Grübl: Es war nicht einfach. Aber auch hier leben wir vom Kollektiv. Wir haben in der Mannschaft keine Einzelgrößen. Unser Erfolg lebt davon, dass wir uns alle unterstützen, uns gegenseitig helfen. Fällt einer aus, springt ein anderer in die Bresche. Wir haben das Glück, dass uns dies alles unter Federführung des Trainergespanns Bobenstetter/Kupper bestens gelungen ist. Das zeichnet aber auch den Charakter unserer Mannschaft aus. Alle ziehen an einem Strang.

-Der TSV Buchbach wird in der kommenden Saison in der höchsten deutschen Amateurklasse spielen. Bekommen Sie nicht ein wenig Bauchgrummeln?

Grübl: Wir haben uns mit der neuen Situation rechtzeitig auseinandergesetzt. Wir wussten, was auf uns zukommen wird und haben das Für und Wider auch in enger Absprache mit der Marktgemeinde, dem Hauptverein und vor allen Dingen mit unseren Sponsoren abgestimmt. Natürlich wird es eine neue und spannende Herausforderung für uns werden, aber auch eine Gratwanderung. Das wissen wir. Insofern sind wir um jede weitere Unterstützung, finanziell wie personell, sehr dankbar. Dabei legen wir uns auch keinen Erwartungsdruck auf. Wir wissen, wie schwierig die kommende Saison werden wird. Aber wir wollen sie genießen, und das Beste draus machen.

-Mit der Regionalliga sind nicht unerhebliche Lasten verbunden. Wie sind Sie, anders als Erlangen-Bruck, Aindling oder Gersthofen, zur Entscheidung pro Regionalliga gekommen?

Grübl: Mit einem Wagnis ist immer ein gewisses Risiko verbunden. Wir hoffen natürlich, dass die Teilnahme unseres TSV an der Regionalliga weitere Sponsorenquellen eröffnet, die wir auch brauchen werden, um das alles auch in der Regionalliga am Laufen zu halten. Hier führen wir aber vielversprechende Gespräche.

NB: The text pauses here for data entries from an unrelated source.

(* Let $F$ be $(\ell,\omega)$-relatively smooth on $\mathcal X\cap\mathcal S$ and suppose that $(x,y)\mapsto\sqrt{D^{\mathrm{sym}}_\omega(x,y)}$ is a metric. Then for any $x\in\mathcal X\cap\mathcal S$ and any $\rho,s>0$ with $\rho>\ell/s+2\ell$, $$\frac{\Delta_\rho(x)}{C(\ell,\rho,s)}\le\Delta^+_\rho(x)\le C(\ell,\rho,s)\,\Delta_\rho(x),\qquad C(\ell,\rho,s):=\frac{(1+s)(\rho-\ell)+(1+s^{-1})\ell}{\rho-\ell-(1+s^{-1})\ell}.$$ In particular, for $s=1$, $\rho=4\ell$ one has $C(\ell,\rho,s)=8$ and $\frac18\Delta_{4\ell}(x)\le\Delta^+_{4\ell}(x)\le8\Delta_{4\ell}(x)$.
   Context: Let $\mathcal X\subseteq\mathbb R^d$ be closed and convex, $\|\cdot\|$ a norm on $\mathbb R^d$. The problem is $\min_{x\in\mathcal X}\Phi(x):=F(x)+r(x)$, with $F$ differentiable and $r:\mathbb R^d\to\mathbb R$ convex, proper, lower semicontinuous. A DGF is $\omega:\mathrm{cl}(\mathcal S)\to\mathbb R$, $\mathcal S$ open with $\mathrm{ri}(\mathcal X)\subseteq\mathcal S$, $\omega$ continuously differentiable on $\mathcal S$ and $1$-strongly convex w.r.t. $\|\cdot\|$ on $\mathrm{cl}(\mathcal S)$; $D_\omega(x,y)=\omega(x)-\omega(y)-\langle\nabla\omega(y),x-y\rangle$ and $D^{\mathrm{sym}}_\omega(x,y):=D_\omega(x,y)+D_\omega(y,x)$. For $\rho>0$ and $x\in\mathcal X\cap\mathcal S$: $\hat x:=\arg\min_{y\in\mathcal X}[\Phi(y)+\rho D_\omega(y,x)]$, $\Delta_\rho(x):=\rho^2D^{\mathrm{sym}}_\omega(\hat x,x)$ (Bregman proximal mapping); $x^+:=\arg\min_{y\in\mathcal X}[\langle\nabla F(x),y\rangle+r(y)+\rho D_\omega(y,x)]$, $\Delta^+_\rho(x):=\rho^2D^{\mathrm{sym}}_\omega(x^+,x)$ (Bregman gradient mapping); these minimizers are assumed to exist. $F$ is $(\ell,\omega)$-relatively smooth on $\mathcal X\cap\mathcal S$ if for all $x,y\in\mathcal X\cap\mathcal S$: $-\ell D_\omega(x,y)\le F(x)-F(y)-\langle\nabla F(y),x-y\rangle\le\ell D_\omega(x,y)$. *)

theory Defs
  imports "HOL-Analysis.Analysis"
begin

text \<open>A norm on the (finite-dimensional) space 'a (arbitrary, not necessarily Euclidean).\<close>
definition is_norm :: "('a::real_vector \<Rightarrow> real) \<Rightarrow> bool" where
  "is_norm N \<longleftrightarrow> (\<forall>x. N x \<ge> 0) \<and> (\<forall>x. N x = 0 \<longleftrightarrow> x = 0)
     \<and> (\<forall>c x. N (c *\<^sub>R x) = \<bar>c\<bar> * N x) \<and> (\<forall>x y. N (x + y) \<le> N x + N y)"

definition lsc :: "('a::topological_space \<Rightarrow> real) \<Rightarrow> bool" where
  "lsc f \<longleftrightarrow> (\<forall>c. closed {x. f x \<le> c})"

definition strongly_convex_on :: "('a::real_vector \<Rightarrow> real) \<Rightarrow> 'a set \<Rightarrow> ('a \<Rightarrow> real) \<Rightarrow> bool" where
  "strongly_convex_on N C w \<longleftrightarrow> convex C \<and>
     (\<forall>x\<in>C. \<forall>y\<in>C. \<forall>t\<in>{0..1}.
        w (t *\<^sub>R x + (1 - t) *\<^sub>R y) \<le> t * w x + (1 - t) * w y - t * (1 - t) / 2 * (N (x - y))\<^sup>2)"

definition is_DGF :: "('a::euclidean_space \<Rightarrow> real) \<Rightarrow> 'a set \<Rightarrow> 'a set \<Rightarrow> ('a \<Rightarrow> real) \<Rightarrow> ('a \<Rightarrow> 'a) \<Rightarrow> bool" where
  "is_DGF N X S w gw \<longleftrightarrow> open S \<and> rel_interior X \<subseteq> S
     \<and> (\<forall>x\<in>S. (w has_derivative (\<lambda>h. gw x \<bullet> h)) (at x)) \<and> continuous_on S gw
     \<and> strongly_convex_on N (closure S) w"

definition Breg :: "('a::real_inner \<Rightarrow> real) \<Rightarrow> ('a \<Rightarrow> 'a) \<Rightarrow> 'a \<Rightarrow> 'a \<Rightarrow> real" where
  "Breg w gw x y = w x - w y - gw y \<bullet> (x - y)"

definition Bsym :: "('a::real_inner \<Rightarrow> real) \<Rightarrow> ('a \<Rightarrow> 'a) \<Rightarrow> 'a \<Rightarrow> 'a \<Rightarrow> real" where
  "Bsym w gw x y = Breg w gw x y + Breg w gw y x"

definition sqrt_Bsym_metric_on :: "('a::real_inner \<Rightarrow> real) \<Rightarrow> ('a \<Rightarrow> 'a) \<Rightarrow> 'a set \<Rightarrow> bool" where
  "sqrt_Bsym_metric_on w gw A \<longleftrightarrow>
     (\<forall>x\<in>A. \<forall>y\<in>A. Bsym w gw x y \<ge> 0)
   \<and> (\<forall>x\<in>A. \<forall>y\<in>A. sqrt (Bsym w gw x y) = 0 \<longleftrightarrow> x = y)
   \<and> (\<forall>x\<in>A. \<forall>y\<in>A. sqrt (Bsym w gw x y) = sqrt (Bsym w gw y x))
   \<and> (\<forall>x\<in>A. \<forall>y\<in>A. \<forall>z\<in>A. sqrt (Bsym w gw x z) \<le> sqrt (Bsym w gw x y) + sqrt (Bsym w gw y z))"

definition rel_smooth :: "real \<Rightarrow> ('a::real_inner \<Rightarrow> real) \<Rightarrow> ('a \<Rightarrow> 'a) \<Rightarrow> ('a \<Rightarrow> real) \<Rightarrow> ('a \<Rightarrow> 'a) \<Rightarrow> 'a set \<Rightarrow> bool" where
  "rel_smooth l F gF w gw A \<longleftrightarrow> (\<forall>x\<in>A. \<forall>y\<in>A.
      - l * Breg w gw x y \<le> F x - F y - gF y \<bullet> (x - y)
    \<and> F x - F y - gF y \<bullet> (x - y) \<le> l * Breg w gw x y)"

definition is_bprox :: "('a::real_inner \<Rightarrow> real) \<Rightarrow> ('a \<Rightarrow> real) \<Rightarrow> ('a \<Rightarrow> real) \<Rightarrow> ('a \<Rightarrow> 'a) \<Rightarrow> 'a set \<Rightarrow> real \<Rightarrow> 'a \<Rightarrow> 'a \<Rightarrow> bool" where
  "is_bprox F r w gw X \<rho> x xh \<longleftrightarrow> xh \<in> X \<and>
     (\<forall>y\<in>X. F xh + r xh + \<rho> * Breg w gw xh x \<le> F y + r y + \<rho> * Breg w gw y x)"

definition is_bgrad :: "('a::real_inner \<Rightarrow> 'a) \<Rightarrow> ('a \<Rightarrow> real) \<Rightarrow> ('a \<Rightarrow> real) \<Rightarrow> ('a \<Rightarrow> 'a) \<Rightarrow> 'a set \<Rightarrow> real \<Rightarrow> 'a \<Rightarrow> 'a \<Rightarrow> bool" where
  "is_bgrad gF r w gw X \<rho> x xp \<longleftrightarrow> xp \<in> X \<and>
     (\<forall>y\<in>X. gF x \<bullet> xp + r xp + \<rho> * Breg w gw xp x \<le> gF x \<bullet> y + r y + \<rho> * Breg w gw y x)"

definition Cconst :: "real \<Rightarrow> real \<Rightarrow> real \<Rightarrow> real" where
  "Cconst l \<rho> s = ((1 + s) * (\<rho> - l) + (1 + 1 / s) * l) / (\<rho> - l - (1 + 1 / s) * l)"

end

theory Submission
  imports Defs
begin

(* Write xh for the Bregman proximal point and xp for the Bregman gradient point. Both satisfy
   a first-order optimality condition over X; they differ only in whether the gradient of F is
   taken at the point itself or at x. Adding the two conditions, the terms in r cancel and the
   mismatch of gradients is a combination of three linearisation errors of F, each bounded by
   relative smoothness, so that
     (rho - l) Dsym(xp, xh) <= l (Dsym(xp, x) + Dsym(xh, x)).
   With a = sqrt Dsym(xp, x), b = sqrt Dsym(xh, x), c = sqrt Dsym(xp, xh), the triangle
   inequality a <= b + c and Young's inequality 2bc <= s b^2 + c^2/s then bound a^2 by C b^2,
   and symmetrically b^2 by C a^2. *)

definition lin_err :: "('a::real_inner \<Rightarrow> real) \<Rightarrow> ('a \<Rightarrow> 'a) \<Rightarrow> 'a \<Rightarrow> 'a \<Rightarrow> real" where
  "lin_err F gF p q = F p - F q - gF q \<bullet> (p - q)"

lemma Bsym_commute: "Bsym w gw x y = Bsym w gw y x"
  unfolding Bsym_def by simp

lemma Bsym_eq_inner: "Bsym w gw x y = (gw x - gw y) \<bullet> (x - y)"
  unfolding Bsym_def Breg_def by (simp add: inner_simps algebra_simps)

lemma Breg_has_derivative:
  assumes "(w has_derivative (\<lambda>h. gw z \<bullet> h)) (at z)"
  shows "((\<lambda>y. Breg w gw y x) has_derivative (\<lambda>h. (gw z - gw x) \<bullet> h)) (at z)"
proof -
  have "((\<lambda>y. w y - w x - gw x \<bullet> (y - x)) has_derivative
      (\<lambda>h. gw z \<bullet> h - 0 - gw x \<bullet> (h - 0))) (at z)"
    using assms by (intro derivative_intros) auto
  then show ?thesis
    unfolding Breg_def by (simp add: inner_diff_left)
qed

lemma rel_smooth_lin_err_le_Bsym:
  assumes "rel_smooth l F gF w gw A" "p \<in> A" "q \<in> A"
  shows "\<bar>lin_err F gF p q\<bar> \<le> l * Bsym w gw p q"
proof -
  have "\<bar>lin_err F gF p q\<bar> \<le> l * Breg w gw p q"
    using assms unfolding rel_smooth_def lin_err_def by fastforce
  moreover have "\<bar>lin_err F gF q p\<bar> \<le> l * Breg w gw q p"
    using assms unfolding rel_smooth_def lin_err_def by fastforce
  ultimately show ?thesis
    unfolding Bsym_def by (smt (verit) distrib_left)
qed

(* On the segment from m to y, convexity of r bounds the difference quotients of a from below
   by r m - r y; letting the step tend to 0 gives the claim. *)
lemma minimizer_variational_inequality:
  fixes a r :: "'a::real_inner \<Rightarrow> real"
  assumes X: "convex X" and m: "m \<in> X" and y: "y \<in> X" and r: "convex_on X r"
    and da: "(a has_derivative (\<lambda>h. g \<bullet> h)) (at m)"
    and min: "\<forall>z\<in>X. a m + r m \<le> a z + r z"
  shows "g \<bullet> (y - m) + r y - r m \<ge> 0"
proof -
  define d where "d = y - m"
  define \<phi> where "\<phi> t = a (m + t *\<^sub>R d)" for t :: real
  have "((\<lambda>t::real. m + t *\<^sub>R d) has_derivative (\<lambda>t. t *\<^sub>R d)) (at 0)"
    by (auto intro!: derivative_eq_intros)
  moreover have "(a has_derivative (\<lambda>h. g \<bullet> h)) (at (m + 0 *\<^sub>R d))"
    using da by simp
  ultimately have "(\<phi> has_derivative (\<lambda>t. g \<bullet> (t *\<^sub>R d))) (at 0)"
    unfolding \<phi>_def by (rule has_derivative_compose)
  moreover have "(\<lambda>t. g \<bullet> (t *\<^sub>R d)) = (*) (g \<bullet> d)"
    by (simp add: fun_eq_iff)
  ultimately have "(\<phi> has_real_derivative g \<bullet> d) (at 0)"
    by (simp add: has_field_derivative_def)
  then have lim: "((\<lambda>t. (\<phi> (0 + t) - \<phi> 0) / t) \<longlongrightarrow> g \<bullet> d) (at_right 0)"
    unfolding DERIV_def filterlim_at_split by blast
  have "\<forall>\<^sub>F t in at_right 0. r m - r y \<le> (\<phi> (0 + t) - \<phi> 0) / t"
    unfolding eventually_at_right_field
  proof (intro exI[of _ 1] conjI allI impI)
    fix t :: real assume t: "0 < t" "t < 1"
    have seg: "m + t *\<^sub>R d = (1 - t) *\<^sub>R m + t *\<^sub>R y"
      by (simp add: d_def algebra_simps)
    have "m + t *\<^sub>R d \<in> X"
      unfolding seg using X m y t by (simp add: convex_def)
    with min have "a m + r m \<le> \<phi> t + r (m + t *\<^sub>R d)"
      unfolding \<phi>_def by blast
    moreover have "r (m + t *\<^sub>R d) \<le> (1 - t) * r m + t * r y"
      unfolding seg using convex_onD[OF r, of t m y] m y t by simp
    ultimately have "t * (r m - r y) \<le> \<phi> t - \<phi> 0"
      unfolding \<phi>_def by (simp add: algebra_simps)
    then show "r m - r y \<le> (\<phi> (0 + t) - \<phi> 0) / t"
      using t by (simp add: field_simps)
  qed simp
  from tendsto_lowerbound[OF lim this] have "r m - r y \<le> g \<bullet> d" by simp
  then show ?thesis
    unfolding d_def by simp
qed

Die Lizensierungsvorgaben sind natürlich nicht ohne, aber erfüllbar. Da kommen nicht nur rein finanzielle Aspekte zum Tragen. Da geht es auch um den Mehraufwand bei den personellen Strukturen im Umfeld. Und auch hier sind wir in konstruktiven Gesprächen. Für jeden neuen Helfer aber, der sich ehrenamtlich einbringen will, sind wir sehr dankbar. Natürlich gab es auch vorsichtige Stimmen. Aber wir sind schlussendlich gemeinsam zum Ergebnis gekommen: Ja, es müsste gehen, wir packen das an.

- Welche Maßnahmen müssen im Buchbacher Stadion an der Jahnstraße umgesetzt werden, um die Bewerbungskriterien zu erfüllen?

Grübl: Wir müssen in der Tribüne Sitzplätze zur Verfügung stellen. Darüber hinaus müssen wir einen getrennten Block für Fans der Gastmannschaften einrichten. Und da gibt es noch viele kleine Maßnahmen. Da wartet jetzt noch ein gehöriges Stück Arbeit auf uns, um bis zum Saisonstart alles so einrichten zu können, das es passt. Für die anstehenden Arbeitseinsätze ist die Bereitschaft zur Mitarbeit schon hoch. Aber wer von unseren Fans Lust hat, sich hier einzubringen, ist sehr gerne gesehen.

-In der neuen Regionalliga warten viele zweite Mannschaften aus der ersten und zweiten Bundesliga. Und mit 20 Mannschaften wird das auch ein sehr dicht gedrängter Spielverlauf mit vielen englischen Wochen sein. Wie können Sie das bewerkstelligen?

Grübl: Alle Beteiligten wissen von diesen Herausforderungen. Und alle freuen sich darauf. Natürlich wird es für alle, also Trainer, Spieler und Betreuer, wohl recht stressig. Aber diesen Stressfaktor gleicht die Teilnahme an der Regionalliga sicherlich aus. Wir sehen dieses Highlight positiv und wollen das alles intensiv genießen.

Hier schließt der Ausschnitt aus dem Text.